Search code examples
pythoncsvparquet

Splitting a large CSV file and converting into multiple Parquet files - Safe?


I learnt, the parquet file format stores a bunch of metadata and uses various compressions to store data in an efficient way, when it comes to size and query-speed.

And it possibly generates multiple files out of, let's say: one input, like from a Panda dataframe.

Now, I have a large CSV file and I want to convert it into a parquet file format. Naively, I would remove the header (store elsewhere for later) and chunk the file up in blocks with n lines. Then turn each chunk into parquet (here Python):

table = pyarrow.csv.read_csv(fileName)
pyarrow.parquet.write_table(table, fileName.replace('csv', 'parquet'))

I guess the method doesn't much matter. From what I see, at least with a small test data set and no extra context, I get one parquet file per csv file (1:1).

For now that is all I need, as I am not doing queries on "the whole", logical data set. I use the raw files, as input to a further cleaning step that is nifty to do with the csv format. And I haven't yet tried reading the files...

Do I have to readd the header to each CSV chunk at the least?

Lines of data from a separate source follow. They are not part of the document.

lemma inner_lattice_points_Ints:
  fixes s c :: "real ^ 'n"
  assumes "s \<in> lattice_points" and "c \<in> lattice_points"
  shows "s \<bullet> c \<in> \<int>"
  using assms unfolding lattice_points_def inner_vec_def
  by (auto intro!: Ints_sum Ints_mult)

lemma lattice_polytope_support_Ints:
  fixes c y :: "real ^ 'n"
  assumes "lattice_polytope D" and "c \<in> lattice_points"
    and "\<And>u. u \<in> D \<Longrightarrow> c \<bullet> u \<le> c \<bullet> y" and "y \<in> D"
  shows "c \<bullet> y \<in> \<int>"
proof -
  obtain S where S: "S \<subseteq> lattice_points" "D = convex hull S"
    using assms(1) unfolding lattice_polytope_def by auto
  have "c \<bullet> s \<le> of_int \<lfloor>c \<bullet> y\<rfloor>" if "s \<in> S" for s
  proof -
    have "c \<bullet> s \<le> c \<bullet> y"
      using assms(3) S(2) hull_inc[OF that] by auto
    moreover have "c \<bullet> s \<in> \<int>"
      using inner_lattice_points_Ints[OF assms(2)] S(1) that by auto
    ultimately show ?thesis
      by (auto elim!: Ints_cases simp: le_floor_iff)
  qed
  then have "c \<bullet> y \<le> of_int \<lfloor>c \<bullet> y\<rfloor>"
    using assms(4) S(2) by (auto intro: inner_le_on_convex_hull)
  then have "c \<bullet> y = of_int \<lfloor>c \<bullet> y\<rfloor>"
    using of_int_floor_le[of "c \<bullet> y"] by linarith
  then show ?thesis
    by (metis Ints_of_int)
qed

lemma polar_dual_translation_convex_hull:
  "y \<in> polar_dual ((\<lambda>x. x + t) ` (convex hull V)) \<longleftrightarrow> (\<forall>v\<in>V. (v + t) \<bullet> y \<le> 1)"
proof -
  have shift: "(x + t) \<bullet> y \<le> 1 \<longleftrightarrow> y \<bullet> x \<le> 1 - t \<bullet> y" for x
    by (simp add: inner_add_left inner_commute[of x y] le_diff_eq)
  have "(\<forall>x\<in>convex hull V. y \<bullet> x \<le> 1 - t \<bullet> y) \<longleftrightarrow> (\<forall>v\<in>V. y \<bullet> v \<le> 1 - t \<bullet> y)"
    by (auto intro: hull_inc inner_le_on_convex_hull)
  then show ?thesis
    unfolding polar_dual_def mem_Collect_eq ball_simps shift .
qed

lemma polar_dual_translation_Delta1q_iff:
  "y \<in> polar_dual ((\<lambda>x. x + t) ` Delta1q q) \<longleftrightarrow>
     (\<forall>i. y $ i + t \<bullet> y \<le> 1) \<and> t \<bullet> y - (\<Sum>i\<in>UNIV. real (q i) * y $ i) \<le> 1"
proof -
  have "(- (\<chi> i. real (q i)) + t) \<bullet> y = t \<bullet> y - (\<Sum>i\<in>UNIV. real (q i) * y $ i)"
    by (simp add: inner_add_left inner_vec_def sum_negf left_diff_distrib sum_subtractf)
  moreover have "(axis i 1 + t) \<bullet> y = y $ i + t \<bullet> y" for i
    by (simp add: inner_add_left inner_axis')
  ultimately show ?thesis
    unfolding Delta1q_def polar_dual_translation_convex_hull ball_Un by auto
qed

lemma polar_dual_Delta1q_iff:
  "u \<in> polar_dual (Delta1q q) \<longleftrightarrow> (\<forall>i. u $ i \<le> 1) \<and> - (\<Sum>i\<in>UNIV. real (q i) * u $ i) \<le> 1"
  using polar_dual_translation_Delta1q_iff[of u 0 q] by simp

lemma Delta1q_inner_le:
  assumes "\<And>i. g $ i \<le> M" and "- (\<Sum>i\<in>UNIV. real (q i) * g $ i) \<le> M"
    and "x \<in> Delta1q q"
  shows "g \<bullet> x \<le> M"
proof -
  have "g \<bullet> v \<le> M" if "v \<in> range (\<lambda>i. axis i 1) \<union> {- (\<chi> i. real (q i))}" for v
  proof -
    have "g \<bullet> - (\<chi> i. real (q i)) = - (\<Sum>i\<in>UNIV. real (q i) * g $ i)"
      by (simp add: inner_vec_def sum_negf mult.commute)
    then show ?thesis
      using that assms(1,2) by (auto simp: inner_axis)
  qed
  then show ?thesis
    using assms(3) unfolding Delta1q_def by (rule inner_le_on_convex_hull)
qed

lemma interior_translation_Delta1q_sum_gt:
  fixes t :: "real ^ 'n"
  assumes "0 \<in> interior ((\<lambda>x. x + t) ` Delta1q q)"
  shows "- 1 < (\<Sum>i\<in>UNIV. t $ i)"
proof -
  have "((\<chi> i. 1) :: real ^ 'n) \<bullet> (- t) < 1"
  proof (rule interior_inner_less)
    show "- t \<in> interior (Delta1q q)"
      using assms zero_in_interior_translation_iff by blast
    have "0 \<le> (\<Sum>i\<in>UNIV. real (q i))"
      by (simp add: sum_nonneg)
    then show "(\<chi> i. 1) \<bullet> x \<le> 1" if "x \<in> Delta1q q" for x
      by (intro Delta1q_inner_le[OF _ _ that]) simp_all
    show "((\<chi> i. 1) :: real ^ 'n) \<noteq> 0"
      by (simp add: vec_eq_iff)
  qed
  then show ?thesis
    by (simp add: inner_vec_def sum_negf)
qed

lemma interior_translation_Delta1q_coordinate_lt:
  fixes t :: "real ^ 'n" and q :: "'n \<Rightarrow> nat"
  assumes "0 \<in> interior ((\<lambda>x. x + t) ` Delta1q q)"
  shows "(1 + real (sum q UNIV)) * t $ j < real (q j) * (1 + (\<Sum>i\<in>UNIV. t $ i))"
proof -
  define Q where "Q = real (sum q UNIV)"
  \<comment> \<open>\<open>g \<bullet> x \<le> q\<^sub>j\<close> on \<open>\<Delta>\<close> says that the barycentric coordinate of \<open>e\<^sub>j\<close>, scaled by \<open>1 + Q\<close>, is nonnegative.\<close>
  define g :: "real ^ 'n" where "g = (\<chi> i. real (q j) - (if i = j then 1 + Q else 0))"
  have "q j \<le> sum q UNIV"
    by (simp add: member_le_sum)
  then have "real (q j) \<le> Q"
    unfolding Q_def by linarith
  have "0 \<le> Q"
    unfolding Q_def by (simp add: sum_nonneg)
  have "g \<bullet> (- t) < real (q j)"
  proof (rule interior_inner_less)
    show "- t \<in> interior (Delta1q q)"
      using assms zero_in_interior_translation_iff by blast
    have "(\<Sum>i\<in>UNIV. real (q i) * g $ i)
        = (\<Sum>i\<in>UNIV. real (q j) * real (q i) - (if i = j then (1 + Q) * real (q j) else 0))"
      by (rule sum.cong) (auto simp: g_def algebra_simps)
    also have "\<dots> = real (q j) * Q - (1 + Q) * real (q j)"
      by (simp add: sum_subtractf sum_distrib_left Q_def)
    finally have "(\<Sum>i\<in>UNIV. real (q i) * g $ i) = real (q j) * Q - (1 + Q) * real (q j)" .
    then show "g \<bullet> x \<le> real (q j)" if "x \<in> Delta1q q" for x
      by (intro Delta1q_inner_le[OF _ _ that]) (use \<open>0 \<le> Q\<close> in \<open>auto simp: g_def algebra_simps\<close>)
    show "g \<noteq> 0"
      using \<open>real (q j) \<le> Q\<close> by (auto simp: vec_eq_iff g_def intro!: exI[of _ j])
  qed
  moreover have "g \<bullet> (- t) = (1 + Q) * t $ j - real (q j) * (\<Sum>i\<in>UNIV. t $ i)"
  proof -
    have "g \<bullet> (- t) = (\<Sum>i\<in>UNIV. (if i = j then (1 + Q) * t $ i else 0) - real (q j) * t $ i)"
      unfolding inner_vec_def by (rule sum.cong) (auto simp: g_def algebra_simps)
    then show ?thesis
      by (simp add: sum_subtractf sum_distrib_left)
  qed
  ultimately show ?thesis
    unfolding Q_def by (simp add: algebra_simps)
qed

Is this as straight-forward as I think, or am I missing something?


Solution

  • When creating a parquet dataset with Mutiple files, All the files should have matching schema. In your case, when you split the csv file into Mutiple parquet files, you will have to include the csv headers in each chunk to create a valid parquet file.

    Note that parquet is a compressed format (with a high compression ratio). Parquet data will be much smaller than the csv data. On top of that, applications that read parquet file usually prefer fewer large parquet file and not many small parquet files.